# Kontakt Player Won't Install? Keep Showing Up in Not-installed



## ebirch3 (Feb 25, 2021)

Hi there people! 

I am having a nightmare with Kontakt currently. So I am getting a new computer soon and so I wanted to make sure that all of my plugins are not on my old hardrive for when I make the transition. I saw that the default path for the 'Native instruments folder' was on my old hardive so I copied it over to my new drive and then deleted the old folder. Then I loaded cubase and Kontakt wasn't showing up. I tried making sure the VST manager in cubase was searching for the folder and that the file path in the Native Access app was changed. This still wasn't working so I just decided to put the folder back to where it orginally was but even that wouldn't work anymore. I tried reinstalling the Native access app and saw that the Kontakt player was showing up in the non-installed tab. I clicked the install button and got the error 'installing kontakt failed an unknown error occurred'. Eventually I managed to get it to install but then it didn't show up in the installed tab. Also upon logging out of Native Access and logging back in the Kontakt player showed back up in the uninstalled tab. This morning when I tried again I got the error "Native Access error message: Could not find downloader". That might have been my fault that last part as I think I may have accidently deleted it somehow. But surely everything is just done in the Native access app? Can I not just redownload it? Sorry for the giant message. 

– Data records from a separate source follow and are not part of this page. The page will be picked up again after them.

lemma ramend_respects_ranking:
  assumes "sorted_wrt (<) S" "set S \<subseteq> alts n" "I `` set S \<subseteq> set S" "set h \<subseteq> I"
  shows "set (ramend k W h S) \<subseteq> I"
  using assms
proof (induction k arbitrary: S h)
  case 0
  then show ?case
    by simp
next
  case (Suc k)
  show ?case
  proof (cases "S = []")
    case True
    then show ?thesis
      using Suc.prems by simp
  next
    case False
    have "adjacent_pairs_won W (set S) I"
      by (rule adjacent_pairs_won_subset[of W "alts n"])
        (use insertion_ranking Suc.prems(2,3) in \<open>auto simp: insertion_ranking_def\<close>)
    moreover obtain h' c where hc: "amendment W h S = (h', c)"
      by fastforce
    ultimately have h': "set h' \<subseteq> I" and c: "greatest_in I (set S) c"
      using amendment_respects_ranking[OF False Suc.prems(1,2) _ Suc.prems(4)] by auto
    have distinct: "distinct S"
      using Suc.prems(1) strict_sorted_iff by blast
    have "sorted_wrt (<) (remove1 c S)"
      using Suc.prems(1) by (simp add: strict_sorted_iff sorted_remove1)
    moreover have "set (remove1 c S) \<subseteq> alts n"
      using Suc.prems(2) distinct by auto
    moreover have "I `` set (remove1 c S) \<subseteq> set (remove1 c S)"
      using Suc.prems(3) c distinct by (auto simp: greatest_in_def dest: asym_I)
    ultimately have "set (ramend k W h' (remove1 c S)) \<subseteq> I"
      using Suc.IH h' by blast
    then show ?thesis
      using False hc by simp
  qed
qed

lemma amend_votes_respect_ranking: "set (amend_votes n W) \<subseteq> I"
  unfolding amend_votes_def
proof (rule ramend_respects_ranking)
  show "set [1..<Suc n] \<subseteq> alts n" "I `` set [1..<Suc n] \<subseteq> set [1..<Suc n]"
    using field_I by (auto simp: alts_def)
qed (simp_all del: upt_Suc)

lemma outcome_amendment_strategy:
  assumes "amendment_strategy n \<sigma>"
  shows "outcome n \<sigma> W = I"
proof -
  let ?votes = "amend_votes n W"
  have votes: "k < length ?votes \<and> ?votes ! k = play W (\<sigma> (hist n \<sigma> W k))"
    if "\<not> terminal n (hist n \<sigma> W k)" for k
    using assms tournament that unfolding amendment_strategy_def by blast
  have terminates: "\<exists>k. terminal n (hist n \<sigma> W k)"
    using votes[of "length ?votes"] by blast
  have "set (hist n \<sigma> W k) \<subseteq> set ?votes" for k
  proof (induction k)
    case (Suc k)
    show ?case
    proof (cases "terminal n (hist n \<sigma> W k)")
      case False
      then have "play W (\<sigma> (hist n \<sigma> W k)) \<in> set ?votes"
        using votes nth_mem by metis
      then show ?thesis
        using Suc False by simp
    qed (use Suc in simp)
  qed simp
  then have "set (hist n \<sigma> W k) \<subseteq> I" for k
    using amend_votes_respect_ranking by blast
  then show ?thesis
    by (rule outcome_eq_ranking[OF ranking_I terminates])
qed
(* Let $h:(\mathbb{R}^n,0)\to(\mathbb{R}^n,0)$ be a bi-Lipschitz homeomorphism germ, and let $U,V\subset\mathbb{R}^n$ be closed cones with vertex $0$. Suppose that $h(U)$ satisfies condition (SSP). Then $D(h(U\cap V))=D(h(U))\cap D(h(V))$.
   Context: A cone with vertex $0$ is a set $C\subset\mathbb{R}^n$ with $tC\subseteq C$ for all $t\ge0$. For a set-germ $A\subset\mathbb{R}^n$ at $0$, $D(A)=\{a\in S^{n-1}:\exists\, x_i\in A\setminus\{0\},\ x_i\to0,\ x_i/\|x_i\|\to a\}$. For sequences, $\|u_m\|\ll\|v_m\|,\|w_m\|$ means $\|u_m\|/\|v_m\|\to0$ and $\|u_m\|/\|w_m\|\to0$. $A$ satisfies condition (SSP) if for every sequence $a_m\in\mathbb{R}^n$ tending to $0$ with $\lim a_m/\|a_m\|\in D(A)$ there is a sequence $b_m\in A$ with $\|a_m-b_m\|\ll\|a_m\|,\|b_m\|$. A bi-Lipschitz homeomorphism germ is a homeomorphism germ $h$ with $h(0)=0$ and constants $0<K_1\le K_2$ with $K_1\|x-y\|\le\|h(x)-h(y)\|\le K_2\|x-y\|$ near $0$. *)

theory Defs
  imports "HOL-Analysis.Analysis"
begin

definition is_cone :: "'a::real_vector set \<Rightarrow> bool" where
  "is_cone C \<longleftrightarrow> (\<forall>t::real. t \<ge> 0 \<longrightarrow> (\<forall>x\<in>C. t *\<^sub>R x \<in> C))"

definition tangent_dirs :: "'a::real_normed_vector set \<Rightarrow> 'a set" where
  "tangent_dirs A = {a. norm a = 1 \<and>
     (\<exists>x::nat \<Rightarrow> 'a. (\<forall>i. x i \<in> A - {0}) \<and> x \<longlonglongrightarrow> 0 \<and>
        (\<lambda>i. x i /\<^sub>R norm (x i)) \<longlonglongrightarrow> a)}"

definition SSP :: "'a::real_normed_vector set \<Rightarrow> bool" where
  "SSP A \<longleftrightarrow> (\<forall>a::nat \<Rightarrow> 'a. a \<longlonglongrightarrow> 0 \<and>
      (\<exists>d\<in>tangent_dirs A. (\<lambda>m. a m /\<^sub>R norm (a m)) \<longlonglongrightarrow> d) \<longrightarrow>
      (\<exists>b::nat \<Rightarrow> 'a. (\<forall>m. b m \<in> A) \<and>
         (\<lambda>m. norm (a m - b m) / norm (a m)) \<longlonglongrightarrow> 0 \<and>
         (\<lambda>m. norm (a m - b m) / norm (b m)) \<longlonglongrightarrow> 0))"

text \<open>h is a bi-Lipschitz homeomorphism germ (R^n,0) -> (R^n,0), represented on the
  ball of radius \<delta> around 0, with constants K1, K2.\<close>
definition bi_lipschitz_germ :: "('a::euclidean_space \<Rightarrow> 'a) \<Rightarrow> real \<Rightarrow> real \<Rightarrow> real \<Rightarrow> bool" where
  "bi_lipschitz_germ h \<delta> K1 K2 \<longleftrightarrow> \<delta> > 0 \<and> 0 < K1 \<and> K1 \<le> K2 \<and> h 0 = 0 \<and>
     continuous_on (ball 0 \<delta>) h \<and> inj_on h (ball 0 \<delta>) \<and> open (h ` ball 0 \<delta>) \<and>
     (\<forall>x\<in>ball 0 \<delta>. \<forall>y\<in>ball 0 \<delta>.
        K1 * norm (x - y) \<le> norm (h x - h y) \<and> norm (h x - h y) \<le> K2 * norm (x - y))"

end

theory Submission
  imports Defs
begin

I am on Windows 10 by the way  Any help would be very much appreciated. 

Cheers

Ewan


----------



## d.healey (Feb 25, 2021)

I can't quite tell from your post, do you want Kontakt, or Kontakt Player?


----------



## ebirch3 (Feb 25, 2021)

d.healey said:


> I can't quite tell from your post, do you want Kontakt, or Kontakt Player?


Well I just want Kontakt to work again like it did 1 day ago. I'm not sure what it is that I'm missing. I assume that image I shared above is the Kontakt player. I have all the contents downloaded it just seems what I am missing the actualy app player.


----------



## EvilDragon (Feb 25, 2021)

Yeah you shouldn't have just outright copied the NI folder over. Stuff is installed in multiple places on the hard drive, not a single folder.

This does seem to be a NA issue rather than Kontakt itself though. Does the download even start?


----------



## ebirch3 (Feb 25, 2021)

EvilDragon said:


> Yeah you shouldn't have just outright copied the NI folder over. Stuff is installed in multiple places on the hard drive, not a single folder.
> 
> This does seem to be a NA issue rather than Kontakt itself though. Does the download even start?


Oh really how would one normally go about the process? (I knew I shouldn't have attempted it haha) And yeah the download actually goes all the way to 100% and before it even showed up as completed but then it doesn't ever show up in the installed tab and upon logging in and out it shows up in un-installed again... :(


----------



## EvilDragon (Feb 25, 2021)

OK so, try to download the installer like this:

1. Start download in NA, then immediately pause it
2. Go to your C: drive, enable hidden files/folders and you will see a native instruments tmp folder, open it
3. Inside the folder you will see a 'metalink' file, open it with a text editor and at the very bottom you will see the download link. Open it with your browser to start the download
4. You can now stop the download in NA.

After this you will get an ISO image which you can mount, and run installer from there.



ebirch3 said:


> Oh really how would one normally go about the process?



As for the process - you can only really copy the Kontakt Player libraries directly. You should always install the actual applications (Kontakt, FM8, Reaktor, etc.) from scratch through NA.


----------



## ebirch3 (Feb 25, 2021)

EvilDragon said:


> OK so, try to download the installer like this:
> 
> 1. Start download in NA, then immediately pause it
> 2. Go to your C: drive, enable hidden files/folders and you will see a native instruments tmp folder, open it
> ...


OMG YOU ARE A LIFE SAVER! IT WORKED. Wow thank you so much man really appreciate it, you just saved me so much stress. I wonder what caused those files to get all messed up when I moved it. I guess like you said just never try and move the folders themselves, but do it all through the app.


----------